It’s hard to have a discussion about housing affordability without the focus turning immediately to the plight of millennials and to a lesser extent Gen Y.

Trying to save for a deposit, the soaring costs of housing, the escalating sizes of mortgages – all these subjects and more dominate media, political and community discussion.

But in addition to the problems faced by young Australians – mostly those in Sydney and Melbourne – we also need to begin thinking about the affordability problem for older Australians. This is a very real and fast emerging problem which is not getting anywhere near the attention it deserves.

The facts about retirement incomes and housing for seniors are sobering.
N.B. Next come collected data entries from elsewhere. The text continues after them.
text \<open>The two projections of a PDHG step have optimality conditions saying exactly that
  \<open>r\<^sup>y\<^sub>k\<close> is a subgradient of \<open>-Lhat(x\<^sub>k, \<cdot>) + h\<^sub>2\<close> at \<open>y\<^sub>k\<close> and that \<open>r\<^sup>x\<^sub>k\<close> is an
  \<open>\<epsilon>\<^sub>k\<close>-subgradient of \<open>Lhat(\<cdot>, y\<^sub>k) + h\<^sub>1\<close> at \<open>x\<^sub>k\<close>, where the linearization gap \<open>\<epsilon>\<^sub>k\<close> is
  at most \<open>\<tau>\<^sub>1 \<parallel>r\<^sup>x\<^sub>k\<parallel>\<^sup>2 / 8\<close> by \<open>L\<close>-smoothness and \<open>\<tau>\<^sub>1 L \<le> 1/4\<close>. Testing both inclusions at the
  saddle point and applying the three-point identity shows that
  \<open>V\<^sub>k = \<parallel>x\<^sub>k - x\<^sub>*\<parallel>\<^sup>2/(2\<tau>\<^sub>1) + \<parallel>y\<^sup>k - y\<^sub>*\<parallel>\<^sup>2/(2\<tau>\<^sub>2)\<close> drops in step \<open>k\<close> by at least
  \<open>\<delta>\<^sub>k = \<tau>\<^sub>1\<parallel>r\<^sup>x\<^sub>k\<parallel>\<^sup>2/2 + \<tau>\<^sub>2\<parallel>r\<^sup>y\<^sub>k\<parallel>\<^sup>2/2 - \<tau>\<^sub>1\<tau>\<^sub>2\<langle>r\<^sup>y\<^sub>k, K r\<^sup>x\<^sub>k\<rangle> - \<epsilon>\<^sub>k\<close>. Young's inequality
  together with \<open>\<tau>\<^sub>1\<tau>\<^sub>2\<parallel>K\<parallel>\<^sup>2 \<le> 1/4\<close> makes \<open>\<delta>\<^sub>k\<close> dominate \<open>\<tau>\<^sub>2\<parallel>r\<^sup>y\<^sub>k\<parallel>\<^sup>2/3\<close>, \<open>\<tau>\<^sub>1\<parallel>r\<^sup>x\<^sub>k\<parallel>\<^sup>2/4\<close> and
  \<open>2\<epsilon>\<^sub>k\<close>, and since the \<open>\<delta>\<^sub>k\<close> sum to at most \<open>V\<^sub>0 = \<Delta>\<^sub>0\<close>, some \<open>k \<le> N\<close> has
  \<open>\<delta>\<^sub>k \<le> \<Delta>\<^sub>0/N\<close>. Only convexity and \<open>L\<close>-smoothness of \<open>Lhat\<close> in \<open>x\<close> and its affinity in \<open>y\<close>
  matter.\<close>

lemma subdiff_indicatorI:
  assumes "a \<in> S" and "\<And>z. z \<in> S \<Longrightarrow> f a + inner g (z - a) \<le> f z"
  shows "g \<in> subdiff (\<lambda>z. ereal (f z) + ind S z) a"
  using assms by (auto simp: subdiff_def ind_def)

lemma eps_subdiff_indicatorI:
  assumes "a \<in> S" and "\<And>z. z \<in> S \<Longrightarrow> f a + inner g (z - a) - e \<le> f z"
  shows "g \<in> eps_subdiff (\<lambda>z. ereal (f z) + ind S z) e a"
  using assms by (auto simp: eps_subdiff_def ind_def add_diff_eq)

lemma inner_diff_eq_norms:
  fixes u v w :: "'a::real_inner"
  shows "2 * inner (u - v) (v - w) = (norm (u - w))\<^sup>2 - (norm (v - w))\<^sup>2 - (norm (u - v))\<^sup>2"
  by (simp add: power2_norm_eq_inner inner_diff_left inner_diff_right inner_commute algebra_simps)

lemma ex_le_average:
  fixes f :: "nat \<Rightarrow> real"
  assumes "N \<ge> 1" and "(\<Sum>j<N. f j) \<le> D"
  shows "\<exists>j<N. f j \<le> D / N"
proof (rule ccontr)
  assume "\<not> ?thesis"
  then have "(\<Sum>j<N. D / N) < (\<Sum>j<N. f j)"
    using assms(1) by (intro sum_strict_mono) (auto simp: not_le lessThan_empty_iff)
  then show False
    using assms by simp
qed

lemma le_sqrt_divide_sqrt:
  fixes s t b :: real
  assumes "s > 0" and "s * t\<^sup>2 \<le> b"
  shows "t \<le> sqrt b / sqrt s"
proof -
  have "t\<^sup>2 \<le> b / s"
    using assms by (simp add: field_simps mult.commute)
  then show ?thesis
    by (metis real_le_rsqrt real_sqrt_divide)
qed

lemma coupling_le_squares:
  fixes \<tau>1 \<tau>2 \<kappa> p v a :: real
  assumes "\<tau>1 > 0" "\<tau>2 > 0" "a > 0" and "\<tau>1 * \<tau>2 * \<kappa>\<^sup>2 \<le> 1 / 4"
  shows "\<tau>1 * \<tau>2 * (\<kappa> * p * v) \<le> \<tau>2 * p\<^sup>2 / (2 * a) + a * \<tau>1 * v\<^sup>2 / 8"
proof -
  have "\<tau>2 / (2 * a) * (p - a * \<tau>1 * \<kappa> * v)\<^sup>2
      = \<tau>2 * p\<^sup>2 / (2 * a) - \<tau>1 * \<tau>2 * (\<kappa> * p * v) + a * \<tau>1 * v\<^sup>2 / 2 * (\<tau>1 * \<tau>2 * \<kappa>\<^sup>2)"
    using assms by (simp add: power2_eq_square field_simps)
  moreover have "0 \<le> \<tau>2 / (2 * a) * (p - a * \<tau>1 * \<kappa> * v)\<^sup>2"
    using assms by simp
  moreover have "a * \<tau>1 * v\<^sup>2 / 2 * (\<tau>1 * \<tau>2 * \<kappa>\<^sup>2) \<le> a * \<tau>1 * v\<^sup>2 / 2 * (1 / 4)"
    using assms by (intro mult_left_mono) auto
  ultimately show ?thesis
    by linarith
qed

locale linearized_pdhg =
  fixes X :: "'a::euclidean_space set" and Y :: "'b::euclidean_space set"
    and \<L> :: "'a \<Rightarrow> 'b \<Rightarrow> real" and G :: "'a \<Rightarrow> 'b \<Rightarrow> 'a"
    and K :: "'a \<Rightarrow> 'b" and r :: 'b
    and L \<tau>1 \<tau>2 :: real
    and x :: "nat \<Rightarrow> 'a" and y :: "nat \<Rightarrow> 'b"
  assumes closed_X: "closed X" and convex_X: "convex X"
    and closed_Y: "closed Y" and convex_Y: "convex Y" and Y_nonempty: "Y \<noteq> {}"
    and above_tangent: "\<L> u v + inner (G u v) (z - u) \<le> \<L> z v"
    and below_quadratic: "\<L> z v \<le> \<L> u v + inner (G u v) (z - u) + L / 2 * (norm (z - u))\<^sup>2"
    and affine_dual: "\<L> u v - \<L> u w = inner (v - w) (K u + r)"
    and bounded_linear_K: "bounded_linear K"
    and tau1_pos: "\<tau>1 > 0" and tau2_pos: "\<tau>2 > 0"
    and step_coupling: "\<tau>1 * \<tau>2 * (onorm K)\<^sup>2 \<le> 1 / 4"
    and step_smooth: "\<tau>1 * L \<le> 1 / 4"
    and x_0_in_X: "x 0 \<in> X"
    and y_Suc: "y (Suc k) = closest_point Y (y k + \<tau>2 *\<^sub>R (K (2 *\<^sub>R x k - x (k - 1)) + r))"
    and x_Suc: "x (Suc k) = closest_point X (x k - \<tau>1 *\<^sub>R G (x k) (y (Suc k)))"
begin

text \<open>\<open>yup k\<close> is the paper's \<open>y\<^sup>k = y\<^sub>k + \<tau>\<^sub>2 K(x\<^sub>k - x\<^sub>k\<^sub>-\<^sub>1)\<close>. At \<open>k = 0\<close> the truncated
  subtraction gives \<open>x (k - 1) = x 0\<close>, which is the convention \<open>x\<^sub>-\<^sub>1 = x\<^sub>0\<close> (so \<open>yup 0 = y 0\<close>).\<close>

definition yup :: "nat \<Rightarrow> 'b" where
  "yup k = y k + \<tau>2 *\<^sub>R K (x k - x (k - 1))"

definition rx :: "nat \<Rightarrow> 'a" where
  "rx k = (1 / \<tau>1) *\<^sub>R (x (k - 1) - x k)"

definition ry :: "nat \<Rightarrow> 'b" where
  "ry k = (1 / \<tau>2) *\<^sub>R (yup (k - 1) - yup k)"

definition eps :: "nat \<Rightarrow> real" where
  "eps k = \<L> (x k) (y k) - (\<L> (x (k - 1)) (y k) + inner (G (x (k - 1)) (y k)) (x k - x (k - 1)))"

lemma linear_K: "linear K"
  using bounded_linear_K bounded_linear.linear by blast

lemma x_in_X: "x k \<in> X"
  using x_0_in_X closest_point_in_set[OF closed_X] by (cases k) (auto simp: x_Suc)

lemma y_Suc_in_Y: "y (Suc k) \<in> Y"
  using closest_point_in_set[OF closed_Y Y_nonempty] by (simp add: y_Suc)

lemma yup_0: "yup 0 = y 0"
  using linear_0[OF linear_K] by (simp add: yup_def)

lemma x_step: "x j - x (Suc j) = \<tau>1 *\<^sub>R rx (Suc j)"
  using tau1_pos by (simp add: rx_def)

lemma yup_step: "yup j - yup (Suc j) = \<tau>2 *\<^sub>R ry (Suc j)"
  using tau2_pos by (simp add: ry_def)

lemma y_Suc_eq_yup: "y (Suc j) = yup (Suc j) + (\<tau>1 * \<tau>2) *\<^sub>R K (rx (Suc j))"
proof -
  have "x (Suc j) - x j = - \<tau>1 *\<^sub>R rx (Suc j)"
    using x_step[of j] by (simp add: algebra_simps)
  then show ?thesis
    by (simp add: yup_def linear_scale[OF linear_K] linear_neg[OF linear_K])
qed

lemma ry_optimality:
  assumes "v \<in> Y"
  shows "inner (ry (Suc j) + K (x (Suc j)) + r) (v - y (Suc j)) \<le> 0"
proof -
  define a where "a = y j + \<tau>2 *\<^sub>R (K (2 *\<^sub>R x j - x (j - 1)) + r)"
  have "a - y (Suc j) = \<tau>2 *\<^sub>R (ry (Suc j) + K (x (Suc j)) + r)"
    using tau2_pos
    by (simp add: a_def ry_def yup_def linear_add[OF linear_K] linear_diff[OF linear_K]
        linear_scale[OF linear_K] scaleR_2 algebra_simps)
  moreover have "inner (a - y (Suc j)) (v - y (Suc j)) \<le> 0"
    unfolding a_def y_Suc by (rule closest_point_dot[OF convex_Y closed_Y assms])
  ultimately show ?thesis
    using tau2_pos by (simp add: mult_le_0_iff)
qed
The retirement and superannuation industry likes to promote the idea of post-work lives that feature couples with groomed waves of silver hair and perfect teeth, dressed in pastel coloured knit wear and walking their Labrador along a deserted beach. It’s a nice image, but so far removed from the reality for the majority of Australians that it’s bordering on deceitful.

According to a 2013 OECD report, Australia was second only to Korea as having the worst seniors poverty in the world based on the percentage of seniors with incomes below 50 per cent of the median income. Australia came in at just over 35 per cent of seniors with incomes below half the median – almost three times the average of 34 nations surveyed.

One in four retirees in Australia receives the full pension or close to it. A further quarter received a part pension. Two thirds of Australians over 65 earn less than $400 a week from all sources. Roughly one in four people over 65 are still paying off a mortgage or are renting.

Superannuation is yet to deliver the retirement incomes promised. The proportion of Australians aged over 65 with no superannuation at all if roughly 65 per cent. The average superannuation balance for someone aged 70 to 74 is just $102,000. The median superannuation balance on retirement in 2016 was $100,000 for men and $28,000 for women. Estimates of what’s needed in superannuation at retirement vary but usually start at $500,000 and rise to $1 million. So we’re falling a long way short.

This picture may begin to improve if super contributions rise in the future, and as more people reach retirement with a lifetime of contributions behind them. But even then, the ability to look to superannuation as a retirement self-funding option for the majority of Australians is slim indeed.

What’s going to make things worse is our success at living longer. If you’re a 65-year-old woman alive today, the chances are you will live to nearly 90. An estimated 10 per cent of you will reach 100. For men born in the mid-1970s, life expectancy was around 69, meaning if you retired at 60, you needed to fund an average nine years of retirement. But for millennials, their life expectancy will be in the 80s, meaning they will somehow need to fund 20 years of retirement if pulling stumps at 60, or 15 years if retiring at 65. For the high proportion that will live into their 90s or longer, it may not be anything to celebrate unless you’re loaded. So while the next generation might have acquired superannuation over a longer period, it’s going to need to last a lot longer too.

This is going to become a much bigger problem in the near future, as the ‘boomer’ bubble ages. Australians aged 65 and over are now the fastest growing age group. They will represent a staggering one in every five Australians by 2033 – that’s just 15 years or so away. The current crop of 65 plus Australians number around 3.5 million. That will increase by nearly 3 million – effectively nearly doubling – in the next 20 years.

So not only are we living longer, but there will be millions more of us doing so. Which means spending longer in retirement and either drawing a pension from a depleting (relatively smaller) tax base or relying on superannuation. The latter looks improbable and the former is probably unaffordable.

This is also going to generate a wave of housing demand which we currently have no plan of meeting. The wealthier end of the seniors’ housing market will have their needs met by any number of commercial providers but there is a very large and unanswered question about how we are going to provide housing for the large majority of seniors who enter retirement with small superannuation balances and little in the way of assets. Remember, one in four people aged over 65 either still have a mortgage or are renting. That proportion may grow in the future as Australians in their 30s to 50s shoulder larger mortgages to chase the escalating cost of housing, or simply decide not to bother and are lifetime renters.

Commercial retirement living providers aren’t in the business to lose money, so it is fanciful to think the answer lies here. Charitable, church and other not for profit groups are typically limited by weaker balance sheets and slimmer margins, so their capacity to meet this demand is constrained. Providing housing suited to seniors needs often means trying to find sites in established areas, where land costs are high. The cost of construction for seniors is not cheap, with (mostly essential) building codes adding to those costs. So the supply side cost structure means that providing a product a majority of seniors could actually afford is a real problem. It’s a problem now and it will only get worse.